== What you will do ==
In the records that come next, find every line with "fastforce". Return those lines.

== Provided data ==
-------------------------
lemma ex_strong_spanning:
  assumes "conserved n Ps {a..c}" "a < c"
  shows "\<exists>u v. strong n Ps {u..v} \<and> a \<in> frontier_set n Ps u v \<and> c \<in> frontier_set n Ps u v"
proof -
  define spanning where "spanning = (\<lambda>(u, v).
    conserved n Ps {u..v} \<and> a \<in> frontier_set n Ps u v \<and> c \<in> frontier_set n Ps u v)"
  define width where "width = (\<lambda>(u :: int, v :: int). nat (v - u))"
  have "width y < n" if "spanning y" for y
  proof -
    obtain u v where y: "y = (u, v)" by fastforce
    with that have "conserved n Ps {u..v}" "u \<le> a" "c \<le> v"
      by (auto simp: spanning_def frontier_set_def)
    then have "{u..v} \<subseteq> {1..int n}" using conserved_subset_range assms(2) by simp
    then show ?thesis using y \<open>u \<le> a\<close> \<open>c \<le> v\<close> assms(2) by (auto simp: width_def)
  qed
  moreover have "spanning (a, c)" using assms by (auto simp: spanning_def frontier_set_def)
  ultimately obtain y where "spanning y" and widest: "\<forall>y'. spanning y' \<longrightarrow> width y' \<le> width y"
    using Lattices_Big.ex_has_greatest_nat[of spanning "(a, c)" width n] by blast
  then obtain u v where y: "y = (u, v)" "conserved n Ps {u..v}"
    "a \<in> frontier_set n Ps u v" "c \<in> frontier_set n Ps u v"
    by (auto simp: spanning_def)
  then have "u < v" using assms(2) by (auto simp: frontier_set_def)
  have "strong n Ps {u..v}"
    unfolding strong_def
  proof (intro conjI notI)
    show "2 \<le> card {u..v}" using \<open>u < v\<close> by simp
    assume "\<exists>K. conserved n Ps K \<and> overlap {u..v} K"
    then obtain k l where "conserved n Ps {k..l}" "k \<le> l" "overlap {u..v} {k..l}"
      using conserved_interval by blast
    then obtain u' v' where "spanning (u', v')" "v - u < v' - u'"
      using spanning_widens_over_overlap[OF y(2-4) \<open>u < v\<close>] unfolding spanning_def by fastforce
    moreover have "width (u', v') \<le> width (u, v)" using widest y(1) calculation(1) by blast
    ultimately show False using \<open>u < v\<close> by (simp add: width_def)
  qed (use y in blast)
  then show ?thesis using y by blast
qed

lemma ex1_max_frontiers:
  assumes "conserved n Ps I" shows "\<exists>!F. max_frontiers n Ps I F"
proof -
  obtain a c where "a \<le> c" "I = {a..c}" using conserved_interval[OF assms] by blast
  then show ?thesis using max_frontiers_iff assms by auto
qed

lemma between_frontiers_iff:
  assumes "conserved n Ps {p..q}" "p \<le> q" "a < c"
  shows "between_frontiers n Ps {p..q} {a..c} \<longleftrightarrow>
    a \<in> frontier_set n Ps p q \<and> c \<in> frontier_set n Ps p q"
  using assms by (auto simp: FI_eq_frontier_set Icc_eq_Icc)

lemma ex_strong_between_frontiers:
  assumes "conserved n Ps {a..c}" "a < c"
  shows "\<exists>J. strong n Ps J \<and> between_frontiers n Ps J {a..c}"
proof -
  obtain u v where uv: "strong n Ps {u..v}" "a \<in> frontier_set n Ps u v" "c \<in> frontier_set n Ps u v"
    using ex_strong_spanning[OF assms] by blast
  then have "conserved n Ps {u..v}" "u \<le> v" unfolding strong_def frontier_set_def by auto
  then show ?thesis using uv between_frontiers_iff assms(2) by blast
qed

lemma strong_between_frontiers:
  assumes J: "strong n Ps J" "between_frontiers n Ps J {a..c}"
    and I: "conserved n Ps {a..c}" "a < c"
  shows "FI n Ps {a..c} = FI n Ps J \<inter> {a..c} \<and> is_container n Ps {a..c} J"
proof -
  obtain p q where pq: "p < q" "J = {p..q}" using strong_interval[OF J(1)] by blast
  moreover have "conserved n Ps {p..q}" using J(1) pq(2) unfolding strong_def by blast
  ultimately have fr: "a \<in> frontier_set n Ps p q" "c \<in> frontier_set n Ps p q"
    using between_frontiers_iff J(2) I(2) by auto
  then have "{a..c} \<subseteq> J" using pq(2) by (auto simp: frontier_set_def)
  have "FI n Ps {a..c} = FI n Ps J \<inter> {a..c}"
    using FI_eq_frontier_set frontier_set_restrict[OF fr(1)] I fr(2) pq \<open>conserved n Ps {p..q}\<close>
    by (auto simp: frontier_set_def)
  moreover have "is_container n Ps {a..c} J"
    unfolding is_container_def using spanning_strong_minimal[OF _ fr I(2)] J(1) pq(2) \<open>{a..c} \<subseteq> J\<close>
    by blast
  ultimately show ?thesis ..
qed

end

theorem theorem5:
  fixes n :: nat and Ps :: "int list list"
  assumes "n \<ge> 2"
    and "Ps \<noteq> []"
    and "hd Ps = [1..int n]"
    and "\<forall>P\<in>set Ps. signed_perm n P \<and> hd P = 1 \<and> last P = int n"
  shows "(\<forall>I. conserved n Ps I \<longrightarrow> (\<exists>!F. max_frontiers n Ps I F)) \<and>
         (\<forall>I. conserved n Ps I \<and> card I \<ge> 2 \<longrightarrow>
            strong n Ps I \<or>
            (weak n Ps I \<and>
             (\<exists>!J. strong n Ps J \<and>
                 (\<exists>fi\<in>FI n Ps J. \<exists>fj\<in>FI n Ps J. fi < fj \<and> I = {fi..fj})) \<and>
             (\<forall>J. strong n Ps J \<and>
                 (\<exists>fi\<in>FI n Ps J. \<exists>fj\<in>FI n Ps J. fi < fj \<and> I = {fi..fj}) \<longrightarrow>
                 FI n Ps I = FI n Ps J \<inter> I \<and> is_container n Ps I J)))"
proof -
  interpret perm_family n Ps using assms(2,4) by unfold_locales auto
  have weak_case: "weak n Ps I \<and> (\<exists>!J. strong n Ps J \<and> between_frontiers n Ps J I) \<and>
      (\<forall>J. strong n Ps J \<and> between_frontiers n Ps J I \<longrightarrow>
         FI n Ps I = FI n Ps J \<inter> I \<and> is_container n Ps I J)"
    if I: "conserved n Ps I" "2 \<le> card I" "\<not> strong n Ps I" for I
  proof -
    obtain a c where ac: "a < c" "I = {a..c}" using conserved_nontrivial_interval[OF I(1,2)] by blast
    have facts: "FI n Ps I = FI n Ps J \<inter> I \<and> is_container n Ps I J"
      if "strong n Ps J \<and> between_frontiers n Ps J I" for J
      using strong_between_frontiers[of J a c] that I(1) ac by simp
    obtain J0 where J0: "strong n Ps J0 \<and> between_frontiers n Ps J0 I"
      using ex_strong_between_frontiers[of a c] I(1) ac by auto
    have "J = J0" if "strong n Ps J \<and> between_frontiers n Ps J I" for J
      using is_container_unique facts[OF that] facts[OF J0] by blast
    with J0 have "\<exists>!J. strong n Ps J \<and> between_frontiers n Ps J I" by (rule ex1I)
    moreover have "weak n Ps I" using I unfolding weak_def by simp
    ultimately show ?thesis using facts by simp
  qed
  show ?thesis
  proof (intro conjI allI impI)
    show "\<exists>!F. max_frontiers n Ps I F" if "conserved n Ps I" for I
      using ex1_max_frontiers[OF that] .
  next
    fix I assume "conserved n Ps I \<and> 2 \<le> card I"
    then show "strong n Ps I \<or> weak n Ps I \<and> (\<exists>!J. strong n Ps J \<and> between_frontiers n Ps J I) \<and>
      (\<forall>J. strong n Ps J \<and> between_frontiers n Ps J I \<longrightarrow>
         FI n Ps I = FI n Ps J \<inter> I \<and> is_container n Ps I J)"
      using weak_case[of I] by blast
  qed
qed

end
-------------------------
== Reply to the exercise ==
    obtain u v where y: "y = (u, v)" by fastforce
      using spanning_widens_over_overlap[OF y(2-4) \<open>u < v\<close>] unfolding spanning_def by fastforce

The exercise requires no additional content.